I still think the software stack for probabilistic programming has a ways to go before it becomes as easy to use as a NN using PyTorch, but it should get there in the near future. I’m personally very very excited about the probabilistic programming approach — conceptually it’s a very smooth segue from structured numerical algorithms, and allows you to really exploit problem structure if you have good domain understanding.

For me, it helps organize a lot of well-known algorithms as special cases of a general framework—which is worthwhile in itself. If I can code in the generic framework, and have the compiler generate the appropriate (optimized) special case algorithm (as one hopes), that’s icing on the cake.


Thanks for explaining. That seems to be the neat thing that I'm picking up on about what Microsoft Research people keep calling "Model Based Machine Learning" [0], in that you construct a model based on your assumptions about the problem, and by implementing it, the compiler can fit it to an appropriate algorithm.

[0] https://www.youtube.com/watch?v=zKUFSKRjTIo and also https://github.com/dotnet/infer


Yup! Their WIP book is a fantastic introductory read: http://www.mbmlbook.com/ (Needs only high school background)

Helps gain very nice and concrete intuition, before getting lost in math or code.


> For me, it helps organize a lot of well-known algorithms as special cases of a general framework—which is worthwhile in itself.

Which well known algorithms do you have in mind here?


For a flavor, see Tom Minka’s recent talk/slides “From automatic differentiation to message passing”.

Difficult to give a quick answer. I’m also not aware of any good resources where this is spelled out. If you’re seriously interested, feel free to hit me up for a deeper discussion.


Thanks I’ll check that out. My own understanding is that pretty much any probabilistic graphical model can be constructed as a probabilistic program, combined with pretty much any mode of inference. How such programs compare to specialized algorithms in terms of efficiency is not clear to me. I’m asking because my understanding is based mostly on theory and I’d like to learn more about probabilistic programming in practice.


I use both, and for very different problems.

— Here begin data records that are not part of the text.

(* Let $n=4k+2$ for some integer $k\geq 0$, and let $v\in\mathbb{Z}^n$. If $v$ is contained in an $n$-icube in $\mathbb{Z}^n$, then $|v|^2=v^Tv\in\mathbb{Z}$ is a sum of two squares of integers.
   Context: For $1\leq k\leq n$, a matrix $(v_1|\dotsc|v_k)\in\mathbb{Z}^{n\times k}$ is a $k$-icube in $\mathbb{Z}^n$ of norm $\lambda>0$ if $v_i^Tv_j=\lambda$ for $i=j$ and $v_i^Tv_j=0$ for $i\neq j$. A vector $v$ is "contained in" an $n$-icube if it is one of the columns of some $n$-icube. *)

theory Defs
  imports Main
begin

text \<open>Vectors in Z^n are represented as functions nat => int, of which only the
  coordinates 0..n-1 matter. The inner product over Z^n:\<close>
definition ip :: "nat \<Rightarrow> (nat \<Rightarrow> int) \<Rightarrow> (nat \<Rightarrow> int) \<Rightarrow> int" where
  "ip n v w = (\<Sum>i<n. v i * w i)"

definition is_icube :: "nat \<Rightarrow> nat \<Rightarrow> int \<Rightarrow> (nat \<Rightarrow> nat \<Rightarrow> int) \<Rightarrow> bool" where
  "is_icube n k lam V \<longleftrightarrow> 1 \<le> k \<and> k \<le> n \<and> lam > 0 \<and>
     (\<forall>i<k. \<forall>j<k. ip n (V i) (V j) = (if i = j then lam else 0))"

definition in_icube :: "nat \<Rightarrow> (nat \<Rightarrow> int) \<Rightarrow> bool" where
  "in_icube n v \<longleftrightarrow> (\<exists>lam V j. is_icube n n lam V \<and> j < n \<and> (\<forall>i<n. V j i = v i))"

end

theory Submission
  imports Defs Complex_Main "HOL-Computational_Algebra.Primes"
begin

text \<open>Let \<open>lam\<close> be the norm of the icube. Over \<open>\<rat>\<close>, Lagrange's theorem writes
  \<open>lam = a\<^sup>2 + b\<^sup>2 + c\<^sup>2 + d\<^sup>2\<close>, and \<open>k\<close> diagonal copies of the \<open>4 \<times> 4\<close> matrix of
  multiplication by the quaternion \<open>a + bi + cj + dk\<close> give \<open>4k\<close> orthogonal vectors of norm
  \<open>lam\<close> supported on the first \<open>4k\<close> coordinates. The icube supplies \<open>n\<close> orthogonal vectors
  of norm \<open>lam\<close>, so by Witt's theorem (realised by reflections) the \<open>4k\<close> block vectors extend
  to \<open>n\<close> such vectors. Any further vector lives on the last two coordinates, so \<open>lam\<close> is a
  sum of two rational squares, hence of two integer squares by Davenport--Cassels.\<close>

lemma davenport_cassels_identity:
  fixes X Y a b d N :: int
  assumes "X^2 + Y^2 = N * d^2"
  shows "((a^2+b^2-N)*X + 2*(d*N - a*X - b*Y)*a)^2 + ((a^2+b^2-N)*Y + 2*(d*N - a*X - b*Y)*b)^2
         = N * (d*(N+a^2+b^2) - 2*(a*X+b*Y))^2"
  using assms by algebra

lemma exists_nearest_multiple:
  fixes X d :: int
  assumes "d > 0"
  obtains a where "\<bar>2*(X - a*d)\<bar> \<le> d"
proof -
  define a where "a = (2*X + d) div (2*d)"
  have "0 \<le> (2*X + d) mod (2*d)" "(2*X + d) mod (2*d) < 2*d"
    using assms by simp_all
  moreover have "2*X + d = 2*d*a + (2*X + d) mod (2*d)"
    unfolding a_def by simp
  ultimately have "\<bar>2*(X - a*d)\<bar> \<le> d" by (simp add: algebra_simps abs_le_iff)
  then show thesis by (rule that)
qed

text \<open>Davenport--Cassels descent: the line through the rational point \<open>(X/d, Y/d)\<close> of the
  circle \<open>x\<^sup>2 + y\<^sup>2 = N\<close> and the nearest lattice point \<open>(a, b)\<close> meets the circle again in a
  point of denominator \<open>d' = ((X - a d)\<^sup>2 + (Y - b d)\<^sup>2) / d \<le> d / 2\<close>.\<close>

lemma sum_two_squares_of_scaled:
  fixes N d X Y :: int
  assumes "d > 0" and "X^2 + Y^2 = N * d^2"
  shows "\<exists>a b. N = a^2 + b^2"
  using assms
proof (induction "nat d" arbitrary: d X Y rule: less_induct)
  case less
  show ?case
  proof (cases "d dvd X \<and> d dvd Y")
    case True
    then obtain a b where "X = d*a" "Y = d*b" by (auto elim!: dvdE)
    then have "d^2 * (a^2 + b^2) = d^2 * N"
      using less.prems(2) by (simp add: power_mult_distrib algebra_simps)
    then show ?thesis using less.prems(1) by auto
  next
    case False
    obtain a where a: "\<bar>2*(X - a*d)\<bar> \<le> d" using exists_nearest_multiple less.prems(1) .
    obtain b where b: "\<bar>2*(Y - b*d)\<bar> \<le> d" using exists_nearest_multiple less.prems(1) .
    define r where "r = X - a*d"
    define s where "s = Y - b*d"
    define d' where "d' = d*(N+a^2+b^2) - 2*(a*X+b*Y)"
    have dd': "d * d' = r^2 + s^2"
      unfolding d'_def r_def s_def using less.prems(2) by (simp add: power2_eq_square algebra_simps)
    have "r \<noteq> 0 \<or> s \<noteq> 0" using False unfolding r_def s_def by auto
    then have pos: "r^2 + s^2 > 0" by (simp add: sum_power2_gt_zero_iff)
    have "(2*r)^2 \<le> d^2" "(2*s)^2 \<le> d^2"
      using a b less.prems(1) abs_le_square_iff[of "2*r" d] abs_le_square_iff[of "2*s" d]
      unfolding r_def s_def by auto
    then have "d * d' < d * d" using pos unfolding dd' by (simp add: power2_eq_square)
    then have "d' < d" using less.prems(1) by simp
    moreover have "d' > 0" using dd' pos less.prems(1) by (metis zero_less_mult_pos)
    moreover have "((a^2+b^2-N)*X + 2*(d*N - a*X - b*Y)*a)^2 + ((a^2+b^2-N)*Y + 2*(d*N - a*X - b*Y)*b)^2
        = N * d'^2"
      unfolding d'_def by (rule davenport_cassels_identity[OF less.prems(2)])
    ultimately show ?thesis using less.hyps[of d'] by auto
  qed
qed

lemma sum_two_squares_of_rat:
  fixes N :: int and x y :: rat
  assumes "of_int N = x^2 + y^2"
  shows "\<exists>a b. N = a^2 + b^2"
proof -
  obtain p q p' q' where x: "quotient_of x = (p, q)" and y: "quotient_of y = (p', q')"
    by fastforce
  have q: "q > 0" "q' > 0" using quotient_of_denom_pos x y by auto
  have x_eq: "x = of_int p / of_int q" and y_eq: "y = of_int p' / of_int q'"
    using quotient_of_div x y by auto
  have "of_int ((p*q')^2 + (p'*q)^2) = (of_int (N * (q*q')^2) :: rat)"
    using assms q unfolding x_eq y_eq by (simp add: field_simps power_mult_distrib)
  then have "(p*q')^2 + (p'*q)^2 = N * (q*q')^2" using of_int_eq_iff by blast
  then show ?thesis using sum_two_squares_of_scaled[of "q*q'"] q by auto
qed

definition sum_four_squares :: "'a::comm_ring_1 \<Rightarrow> bool" where
  "sum_four_squares x \<longleftrightarrow> (\<exists>a b c d. x = a^2 + b^2 + c^2 + d^2)"

lemma sum_four_squares_mult:
  assumes "sum_four_squares x" and "sum_four_squares y"
  shows "sum_four_squares (x * y)"
proof -
  obtain x1 x2 x3 x4 y1 y2 y3 y4
    where "x = x1^2 + x2^2 + x3^2 + x4^2" "y = y1^2 + y2^2 + y3^2 + y4^2"
    using assms unfolding sum_four_squares_def by blast
  then have "x * y = (x1*y1 - x2*y2 - x3*y3 - x4*y4)^2 + (x1*y2 + x2*y1 + x3*y4 - x4*y3)^2 +
     (x1*y3 - x2*y4 + x3*y1 + x4*y2)^2 + (x1*y4 + x2*y3 - x3*y2 + x4*y1)^2"
    by (simp add: power2_eq_square algebra_simps)
  then show ?thesis unfolding sum_four_squares_def by blast
qed

lemma sum_four_squares_divide_square:
  fixes x m :: "'a::field"
  assumes "sum_four_squares x"
  shows "sum_four_squares (x / m^2)"
proof -
  obtain x1 x2 x3 x4 where "x = x1^2 + x2^2 + x3^2 + x4^2"
    using assms unfolding sum_four_squares_def by blast
  then have "x / m^2 = (x1/m)^2 + (x2/m)^2 + (x3/m)^2 + (x4/m)^2"
    by (simp add: power_divide add_divide_distrib)
  then show ?thesis unfolding sum_four_squares_def by blast
qed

The first time I saw this phrase I thought it was going to describe something like software branch prediction, speculative execution, self tuning algorithms, or heck even Bloom filters or hyperloglog. That was a direction my first mentor and I used to talk about and it’s one of my regrets that I never did much in that arena.

My brain wants this term to mean something else and I become momentarily excited every time this topic gets reposted.


You might find this book very interesting: https://www.amazon.com/Probabilistic-Data-Structures-Algorit...

I’m unrelated to the author; just came across the book on a Reddit discussion and found it interesting. There aren’t too many (collected) discussions of these kinds of topics, AFAIK.


Might also be worth reading into fuzzy logic.


A corresponding framework in Julia - Turing[1][2].

https://turing.ml

https://github.com/TuringLang


It has been a few years since I looked at this, and it looks like a lot has been added since then. It's certainly worth a look. But at the time I found Allen B. Downey's "Think Bayes" to be a more thorough and comprehensive resource: https://greenteapress.com/wp/think-bayes/


For anyone interested in learning more, Stan is an excellent alternative probabilistic programming language:

https://mc-stan.org

with thorough documentation:

https://mc-stan.org/users/documentation/


Oh, I've been meaning to go through this book as we used PyMC (I only did reviews and this went over my head a lot) on my last job to build an AB testing system.

I recently started going through it again and it's pretty fascinating as someone not familiar with the field.


Thanks for sharing! I have been wanting to get into the field in order to play around with Monte Carlo Random Walks.